But for the nearly 150,000 Christians in the Dak Lak province this year, Christmas was a bleak and uncelebrated affair. The communist Caesar has again come down on Christians with a vengeance. In the last three months, authorities have disbanded most of the 441 churches. The three which are "legal" are closely watched.
The latest crackdown began in September with a vengeance harsh even for Vietnamese communists, who have always tolerated Christianity with great reluctance. Dozens of reports received from church elders, paint a consistent picture.
Leaders of congregations are "invited" to local government offices, where officials and the dreaded public security police, inform church leaders that their congregations, some of which have been functioning for 15 years, are illegal, and must disband. Disband means dissolve. No more communal activities, period. The only religious activity tolerated is within the family, inside the house and quietly! The leaders are scolded, humiliated and sometimes beaten. In case they miss the meaning of disband, they are given a long list of things forbidden. They are forbidden to meet together for prayer, for teaching or for worship. There will be no weddings, no funerals and no baptisms. There will be no prayer for the sick, a common practice of Ede Christians who have people with the gift of healing. Elders are even told to turn away Christians who come to them for help. All communal activity is forbidden, usually on the grounds of Decree on Religion No. 26, supposedly written to guarantee freedom of religion.

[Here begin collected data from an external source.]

(* Let $Y=\left(\sum_{n=1}^\infty\ell_\infty^n\right)_{\ell_2}$. Then every finite subset $F$ of $T^\omega_\omega$ satisfies $c_Y(F)=1$ (in particular $T^\omega_\omega$ is crudely finitely representable in $Y$), but $T^\omega_\omega$ admits no bi-Lipschitz embedding into $Y$.
   Context: $\left(\sum_{n=1}^\infty\ell_\infty^n\right)_{\ell_2}$ is the Banach space of sequences $(x_n)_{n\ge1}$ with $x_n\in\ell_\infty^n$ (the space $\mathbb R^n$ with the max norm) and $\|(x_n)\|=(\sum_n\|x_n\|_\infty^2)^{1/2}<\infty$. $T^\omega_\omega$ is the rooted tree in which every vertex has countably infinitely many children, with the unweighted shortest-path metric. A metric space $X$ is $\lambda$-finitely representable in $Y$ if $c_Y(F)\le\lambda$ for every finite $F\subset X$, and crudely finitely representable if this holds for some $\lambda\in[1,\infty)$; here $c_Y(M):=\inf\{\mathrm{Lip}(f)\mathrm{Lip}(f^{-1}): f\colon M\to Y\text{ injective}\}$. *)

theory Defs
  imports "HOL-Analysis.Analysis"
begin

text \<open>An element of Y is represented by x :: nat => nat => real, where x n is the
  n-th block (a vector in R^n, coordinates 0..<n); coordinates outside the block
  (and the whole block 0) are required to vanish.\<close>

definition block_norm :: "(nat \<Rightarrow> nat \<Rightarrow> real) \<Rightarrow> nat \<Rightarrow> real" where
  "block_norm x n = Max (insert 0 ((\<lambda>i. \<bar>x n i\<bar>) ` {..<n}))"

definition Yspace :: "(nat \<Rightarrow> nat \<Rightarrow> real) set" where
  "Yspace = {x. (\<forall>n i. n \<le> i \<longrightarrow> x n i = 0) \<and>
                 summable (\<lambda>n. (block_norm x n)\<^sup>2)}"

definition Ynorm :: "(nat \<Rightarrow> nat \<Rightarrow> real) \<Rightarrow> real" where
  "Ynorm x = sqrt (\<Sum>n. (block_norm x n)\<^sup>2)"

definition Ydist :: "(nat \<Rightarrow> nat \<Rightarrow> real) \<Rightarrow> (nat \<Rightarrow> nat \<Rightarrow> real) \<Rightarrow> real" where
  "Ydist x y = Ynorm (\<lambda>n i. x n i - y n i)"

text \<open>Vertices are finite sequences of naturals (root = []); the children of xs are
  xs @ [k]. The shortest-path metric is |xs| + |ys| - 2 |common prefix|.\<close>

fun lcp_len :: "nat list \<Rightarrow> nat list \<Rightarrow> nat" where
  "lcp_len (x # xs) (y # ys) = (if x = y then Suc (lcp_len xs ys) else 0)"
| "lcp_len _ _ = 0"

definition tree_dist :: "nat list \<Rightarrow> nat list \<Rightarrow> real" where
  "tree_dist xs ys = real (length xs + length ys - 2 * lcp_len xs ys)"

text \<open>f : M -> Y is an injective map with Lip(f) Lip(f^-1) <= D, expressed by scaling:
  s d(x,y) <= rho(f x, f y) <= s D d(x,y).\<close>

definition embeds_with_distortion ::
  "('a \<Rightarrow> 'a \<Rightarrow> real) \<Rightarrow> 'a set \<Rightarrow> ('b \<Rightarrow> 'b \<Rightarrow> real) \<Rightarrow> 'b set \<Rightarrow> real \<Rightarrow> bool" where
  "embeds_with_distortion dX M dY Y D \<longleftrightarrow>
     (\<exists>f. inj_on f M \<and> f ` M \<subseteq> Y \<and>
        (\<exists>s>0. \<forall>x\<in>M. \<forall>y\<in>M. s * dX x y \<le> dY (f x) (f y) \<and> dY (f x) (f y) \<le> s * D * dX x y))"
lemma eq_scaled_of_unit_maximizer:
  fixes g w :: "nat \<Rightarrow> real"
  assumes lam_pos: "lam > 0" and w_unit: "rvnorm d w = 1"
    and attained: "(\<Sum>j<d. g j * w j) = lam"
    and bound: "\<And>v. rvnorm d v = 1 \<Longrightarrow> (\<Sum>j<d. g j * v j) \<le> lam"
  shows "\<forall>j<d. g j = lam * w j"
proof -
  define s where "s = (\<Sum>j<d. (g j)\<^sup>2)"
  have s_nonneg: "s \<ge> 0" unfolding s_def by (simp add: sum_nonneg)
  have w_sq: "(\<Sum>j<d. (w j)\<^sup>2) = 1" using w_unit by (simp add: rvnorm_eq_1_iff)
  have s_le: "s \<le> lam\<^sup>2"
  proof (cases "s = 0")
    case False
    then have s_pos: "s > 0" using s_nonneg by simp
    define v where "v = (\<lambda>j. g j / sqrt s)"
    have "(\<Sum>j<d. (v j)\<^sup>2) = s / s" unfolding v_def s_def
      by (simp add: power_divide sum_divide_distrib[symmetric] s_def[symmetric] s_nonneg)
    then have "(\<Sum>j<d. g j * v j) \<le> lam"
      using s_pos by (intro bound) (simp add: rvnorm_eq_1_iff)
    moreover have "(\<Sum>j<d. g j * v j) = s / sqrt s" unfolding v_def s_def
      by (simp add: sum_divide_distrib[symmetric] power2_eq_square)
    moreover have "s / sqrt s = sqrt s" using s_pos by (metis real_div_sqrt less_imp_le)
    ultimately show ?thesis using s_nonneg lam_pos
      by (metis real_sqrt_le_iff real_sqrt_pow2 sqrt_le_D)
  qed simp
  have "(\<Sum>j<d. (g j - lam * w j)\<^sup>2)
      = s - 2 * lam * (\<Sum>j<d. g j * w j) + lam\<^sup>2 * (\<Sum>j<d. (w j)\<^sup>2)"
    unfolding s_def by (simp add: power2_diff sum.distrib sum_subtractf sum_distrib_left
        power_mult_distrib algebra_simps)
  also have "\<dots> \<le> 0" using s_le attained w_sq by (simp add: power2_eq_square)
  finally have "(\<Sum>j<d. (g j - lam * w j)\<^sup>2) = 0"
    by (meson order_antisym sum_nonneg zero_le_power2)
  then have "\<forall>j\<in>{..<d}. (g j - lam * w j)\<^sup>2 = 0"
    by (subst sum_nonneg_eq_0_iff[symmetric]) auto
  then show ?thesis by auto
qed

lemma sum_mult_indicator:
  fixes c :: "'a::comm_ring_1" and d :: nat
  assumes "i < d"
  shows "(\<Sum>j<d. f j * (if j = i then c else 0)) = f i * c"
proof -
  have "(\<Sum>j<d. f j * (if j = i then c else 0)) = (\<Sum>j<d. if j = i then f i * c else 0)"
    by (intro sum.cong) auto
  also have "\<dots> = f i * c" using assms by (subst sum.delta) auto
  finally show ?thesis .
qed

lemma sum_PiE_split_mode:
  fixes T :: "(nat \<Rightarrow> nat) \<Rightarrow> 'a::comm_ring_1"
  assumes k: "k < m" and fin: "\<And>i. finite (S i)"
  shows "(\<Sum>\<iota>\<in>PiE {..<m} S. T \<iota> * (\<Prod>l<m. u l (\<iota> l)))
    = (\<Sum>j\<in>S k. (\<Sum>\<iota>\<in>{\<iota>\<in>PiE {..<m} S. \<iota> k = j}. T \<iota> * (\<Prod>l\<in>{..<m}-{k}. u l (\<iota> l))) * u k j)"
proof -
  have img: "(\<lambda>\<iota>. \<iota> k) ` PiE {..<m} S \<subseteq> S k" using k by (auto simp: PiE_iff)
  have prod_split: "(\<Prod>l<m. u l (\<iota> l)) = (\<Prod>l\<in>{..<m}-{k}. u l (\<iota> l)) * u k (\<iota> k)" for \<iota>
    using k by (simp add: prod.remove[of "{..<m}" k] mult.commute)
  have "(\<Sum>\<iota>\<in>PiE {..<m} S. T \<iota> * (\<Prod>l<m. u l (\<iota> l)))
      = (\<Sum>j\<in>S k. (\<Sum>\<iota>\<in>{\<iota>\<in>PiE {..<m} S. \<iota> k = j}. T \<iota> * (\<Prod>l<m. u l (\<iota> l))))"
    by (rule sum.group[OF _ fin img, symmetric]) (simp add: fin finite_PiE)
  also have "\<dots> = (\<Sum>j\<in>S k. (\<Sum>\<iota>\<in>{\<iota>\<in>PiE {..<m} S. \<iota> k = j}.
                     T \<iota> * (\<Prod>l\<in>{..<m}-{k}. u l (\<iota> l))) * u k j)"
    unfolding sum_distrib_right by (intro sum.cong refl) (simp add: prod_split mult.assoc)
  finally show ?thesis .
qed

definition rcontr :: "nat \<Rightarrow> (nat \<Rightarrow> nat) \<Rightarrow> ((nat \<Rightarrow> nat) \<Rightarrow> real) \<Rightarrow> nat
    \<Rightarrow> (nat \<Rightarrow> nat \<Rightarrow> real) \<Rightarrow> nat \<Rightarrow> real" where
  "rcontr m N B k u j = (\<Sum>\<iota>\<in>{\<iota>\<in>idx_set m N. \<iota> k = j}. B \<iota> * (\<Prod>l\<in>{..<m}-{k}. u l (\<iota> l)))"

lemma rinner_split_mode: "k < m \<Longrightarrow> rinner m N B u = (\<Sum>j<N k. rcontr m N B k u j * u k j)"
  unfolding rinner_def rcontr_def idx_set_def by (rule sum_PiE_split_mode) auto

lemma cinner_split_mode: "k < m \<Longrightarrow> cinner m n A z = (\<Sum>j<n k. ccontr m n A k z j * z k j)"
  unfolding cinner_def ccontr_def idx_set_def by (rule sum_PiE_split_mode) auto

lemma rcontr_fun_upd [simp]: "rcontr m N B k (u(k := v)) = rcontr m N B k u"
  unfolding rcontr_def by (intro ext sum.cong refl arg_cong2[where f="(*)"] prod.cong) auto

lemma ccontr_fun_upd [simp]: "ccontr m n A k (z(k := w)) = ccontr m n A k z"
  unfolding ccontr_def by (intro ext sum.cong refl arg_cong2[where f="(*)"] prod.cong) auto

lemma rcontr_last_eq_rcontr: "1 \<le> m \<Longrightarrow> rcontr_last m N B u = rcontr m N B (m - 1) u"
proof -
  assume "1 \<le> m"
  then have "{..<m} - {m - 1} = {..<m - 1}" by auto
  then show ?thesis unfolding rcontr_last_def rcontr_def by (simp add: fun_eq_iff)
qed

lemma rinner_le_of_rcontr_last_bound:
  assumes m: "1 \<le> m"
    and bound: "\<forall>u. (\<forall>i<m - 1. rvnorm (N i) (u i) = 1) \<longrightarrow>
                  rvnorm (N (m - 1)) (rcontr_last m N B u) \<le> lam"
    and v_unit: "\<forall>l<m. rvnorm (N l) (v l) = 1"
  shows "rinner m N B v \<le> lam"
proof -
  have "rinner m N B v = (\<Sum>j<N (m - 1). rcontr_last m N B v j * v (m - 1) j)"
    using m by (simp add: rinner_split_mode[of "m - 1"] rcontr_last_eq_rcontr)
  also have "\<dots> \<le> rvnorm (N (m - 1)) (rcontr_last m N B v) * rvnorm (N (m - 1)) (v (m - 1))"
    by (rule sum_mult_le_rvnorm_mult)
  also have "\<dots> \<le> lam" using m bound v_unit by simp
  finally show ?thesis .
qed

lemma rinner_complete_last:
  fixes m :: nat and N :: "nat \<Rightarrow> nat" and B :: "(nat \<Rightarrow> nat) \<Rightarrow> real"
    and u :: "nat \<Rightarrow> nat \<Rightarrow> real"
  defines "g \<equiv> rcontr_last m N B u"
  assumes m: "1 \<le> m" and lam: "lam = rvnorm (N (m - 1)) g" "lam > 0"
  shows "rvnorm (N (m - 1)) (\<lambda>j. g j / lam) = 1"
    and "rinner m N B (u(m - 1 := (\<lambda>j. g j / lam))) = lam"
proof -
  have g_sq: "(\<Sum>j<N (m - 1). (g j)\<^sup>2) = lam\<^sup>2"
    using lam unfolding rvnorm_def by (simp add: sum_nonneg)
  have "(\<Sum>j<N (m - 1). (g j / lam)\<^sup>2) = lam\<^sup>2 / lam\<^sup>2"
    unfolding power_divide sum_divide_distrib[symmetric] g_sq ..
  then show "rvnorm (N (m - 1)) (\<lambda>j. g j / lam) = 1"
    using lam by (simp add: rvnorm_eq_1_iff)
  have "rinner m N B (u(m - 1 := (\<lambda>j. g j / lam))) = (\<Sum>j<N (m - 1). g j * (g j / lam))"
    using m by (simp add: rinner_split_mode[of "m - 1"] g_def rcontr_last_eq_rcontr)
  also have "\<dots> = lam\<^sup>2 / lam"
    by (simp only: times_divide_eq_right power2_eq_square[symmetric]
        sum_divide_distrib[symmetric] g_sq)
  also have "\<dots> = lam" using lam by (simp add: power2_eq_square)
  finally show "rinner m N B (u(m - 1 := (\<lambda>j. g j / lam))) = lam" .
qed

lemma rcontr_eq_of_rinner_maximizer:
  assumes lam_pos: "lam > 0" and k: "k < m"
    and u_unit: "\<forall>l<m. rvnorm (N l) (u l) = 1" and attained: "rinner m N B u = lam"
    and bound: "\<And>v. \<forall>l<m. rvnorm (N l) (v l) = 1 \<Longrightarrow> rinner m N B v \<le> lam"
  shows "\<forall>j<N k. rcontr m N B k u j = lam * u k j"
proof (rule eq_scaled_of_unit_maximizer[OF lam_pos])
  have upd: "rinner m N B (u(k := w)) = (\<Sum>j<N k. rcontr m N B k u j * w j)" for w
    by (simp add: rinner_split_mode[OF k])
  show "rvnorm (N k) (u k) = 1" using u_unit k by simp
  show "(\<Sum>j<N k. rcontr m N B k u j * u k j) = lam"
    using upd[of "u k"] attained by simp
  fix w assume "rvnorm (N k) w = 1"
  then have "rinner m N B (u(k := w)) \<le> lam" using u_unit by (intro bound) auto
  then show "(\<Sum>j<N k. rcontr m N B k u j * w j) \<le> lam" by (simp only: upd)
qed

lemma cvnorm_to_cvec: "cvnorm d (to_cvec d u) = rvnorm (2 * d) u"
proof -
  have "(\<Sum>j<2 * d. (u j)\<^sup>2) = (\<Sum>j<d. (u j)\<^sup>2) + (\<Sum>j\<in>{d..<d + d}. (u j)\<^sup>2)"
    by (simp add: mult_2 lessThan_atLeast0 sum.atLeastLessThan_concat)
  also have "(\<Sum>j\<in>{d..<d + d}. (u j)\<^sup>2) = (\<Sum>j<d. (u (d + j))\<^sup>2)"
    using sum.shift_bounds_nat_ivl[of "\<lambda>j. (u j)\<^sup>2" 0 d d]
    by (simp add: lessThan_atLeast0 add.commute)
  finally show ?thesis
    by (simp add: cvnorm_def rvnorm_def to_cvec_def complex_norm sum.distrib)
qed

definition real_coords :: "nat \<Rightarrow> (nat \<Rightarrow> complex) \<Rightarrow> nat \<Rightarrow> real" where
  "real_coords d z j = (if j < d then Re (z j) else Im (z (j - d)))"

lemma to_cvec_real_coords: "j < d \<Longrightarrow> to_cvec d (real_coords d z) j = z j"
  by (simp add: to_cvec_def real_coords_def complex_eq_iff)

lemma rvnorm_real_coords: "rvnorm (2 * d) (real_coords d z) = cvnorm d z"
  by (simp add: cvnorm_to_cvec[symmetric] cvnorm_def to_cvec_real_coords)

lemma cinner_to_cvec_real_coords:
  "cinner m n A (\<lambda>i. to_cvec (n i) (real_coords (n i) (z i))) = cinner m n A z"
  unfolding cinner_def idx_set_def
  by (intro sum.cong refl arg_cong2[where f="(*)"] prod.cong)
     (auto simp: to_cvec_real_coords PiE_iff)

text \<open>Vary mode \<open>k\<close> in the defining identity of \<open>B\<close> and test it on the basis vectors
\<open>e\<^sub>j\<close> and \<open>e\<^sub>n\<^sub>+\<^sub>j\<close> of \<open>\<real>\<^sup>2\<^sup>n\<close>, which correspond to \<open>e\<^sub>j\<close> and \<open>\<i> e\<^sub>j\<close> in \<open>\<complex>\<^sup>n\<close>.\<close>
lemma ccontr_to_cvec_eq_rcontr:
  assumes B_def: "\<forall>u. rinner m (\<lambda>i. 2 * n i) B u = Re (cinner m n A (\<lambda>i. to_cvec (n i) (u i)))"
    and k: "k < m" and j: "j < n k"
  shows "ccontr m n A k (\<lambda>i. to_cvec (n i) (u i)) j
       = Complex (rcontr m (\<lambda>i. 2 * n i) B k u j) (- rcontr m (\<lambda>i. 2 * n i) B k u (n k + j))"
proof -
  define z where "z = (\<lambda>i. to_cvec (n i) (u i))"
  define c where "c = ccontr m n A k z"
  define g where "g = rcontr m (\<lambda>i. 2 * n i) B k u"
  have pairing: "(\<Sum>i<2 * n k. g i * w i) = Re (\<Sum>i<n k. c i * to_cvec (n k) w i)" for w
  proof -
    have "(\<lambda>i. to_cvec (n i) ((u(k := w)) i)) = z(k := to_cvec (n k) w)"
      by (auto simp: z_def)
    then have "rinner m (\<lambda>i. 2 * n i) B (u(k := w)) = Re (cinner m n A (z(k := to_cvec (n k) w)))"
      using B_def by metis
    then show ?thesis by (simp add: rinner_split_mode[OF k] cinner_split_mode[OF k] g_def c_def)
  qed
  have unit_j: "to_cvec (n k) (\<lambda>i. if i = j then 1 else 0) i = (if i = j then 1 else 0)"
    and unit_nj: "to_cvec (n k) (\<lambda>i. if i = n k + j then 1 else 0) i = (if i = j then \<i> else 0)"
    if "i < n k" for i
    using j that by (simp_all add: to_cvec_def complex_eq_iff)
  have "(\<Sum>i<n k. c i * to_cvec (n k) (\<lambda>i. if i = j then 1 else 0) i)
      = (\<Sum>i<n k. c i * (if i = j then 1 else 0))"
    by (intro sum.cong refl) (simp add: unit_j)
  also have "\<dots> = c j" using j by (simp add: sum_mult_indicator)
  finally have "(\<Sum>i<n k. c i * to_cvec (n k) (\<lambda>i. if i = j then 1 else 0) i) = c j" .
  then have re: "g j = Re (c j)"
    using pairing[of "\<lambda>i. if i = j then 1 else 0"] j by (simp add: sum_mult_indicator)
  have "(\<Sum>i<n k. c i * to_cvec (n k) (\<lambda>i. if i = n k + j then 1 else 0) i)
      = (\<Sum>i<n k. c i * (if i = j then \<i> else 0))"
    by (intro sum.cong refl) (simp add: unit_nj)
  also have "\<dots> = c j * \<i>" using j by (simp add: sum_mult_indicator)
  finally have "(\<Sum>i<n k. c i * to_cvec (n k) (\<lambda>i. if i = n k + j then 1 else 0) i) = c j * \<i>" .
  then have im: "g (n k + j) = - Im (c j)"
    using pairing[of "\<lambda>i. if i = n k + j then 1 else 0"] j by (simp add: sum_mult_indicator)
  show ?thesis using re im by (simp add: complex_eq_iff z_def c_def g_def)
qed

lemma U_eigenpair_of_rinner_maximizer:
  assumes B_def: "\<forall>u. rinner m (\<lambda>i. 2 * n i) B u = Re (cinner m n A (\<lambda>i. to_cvec (n i) (u i)))"
    and lam_pos: "lam > 0"
    and u_unit: "\<forall>l<m. rvnorm (2 * n l) (u l) = 1"
    and attained: "rinner m (\<lambda>i. 2 * n i) B u = lam"
    and bound: "\<And>v. \<forall>l<m. rvnorm (2 * n l) (v l) = 1 \<Longrightarrow> rinner m (\<lambda>i. 2 * n i) B v \<le> lam"
  shows "U_eigenpair m n A lam (\<lambda>i. to_cvec (n i) (u i))"
  unfolding U_eigenpair_def
proof (intro conjI allI impI)
  show "cvnorm (n i) (to_cvec (n i) (u i)) = 1" if "i < m" for i
    using u_unit that by (simp add: cvnorm_to_cvec)
  fix k j assume k: "k < m" and j: "j < n k"
  have "\<forall>j<2 * n k. rcontr m (\<lambda>i. 2 * n i) B k u j = lam * u k j"
    using rcontr_eq_of_rinner_maximizer[OF lam_pos k u_unit attained bound] by simp
  with j show "ccontr m n A k (\<lambda>i. to_cvec (n i) (u i)) j
      = complex_of_real lam * cnj (to_cvec (n k) (u k) j)"
    by (simp only: ccontr_to_cvec_eq_rcontr[OF B_def k j]) (simp add: to_cvec_def complex_eq_iff)
qed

Only a year and nine months ago, the communist government of Vietnam conferred legal recognition on the Evangelical Church of Vietnam (South)—the first such recognition of any church since the communist takeover in 1975. Historically the Ede churches belonged to the ECVN (S). Shortly after its recognition, the ECVN (S) confirmed in writing that a long list of 441 Ede churches belonged to it. But the authorities refused to accept this and recognized only three congregations as being legal.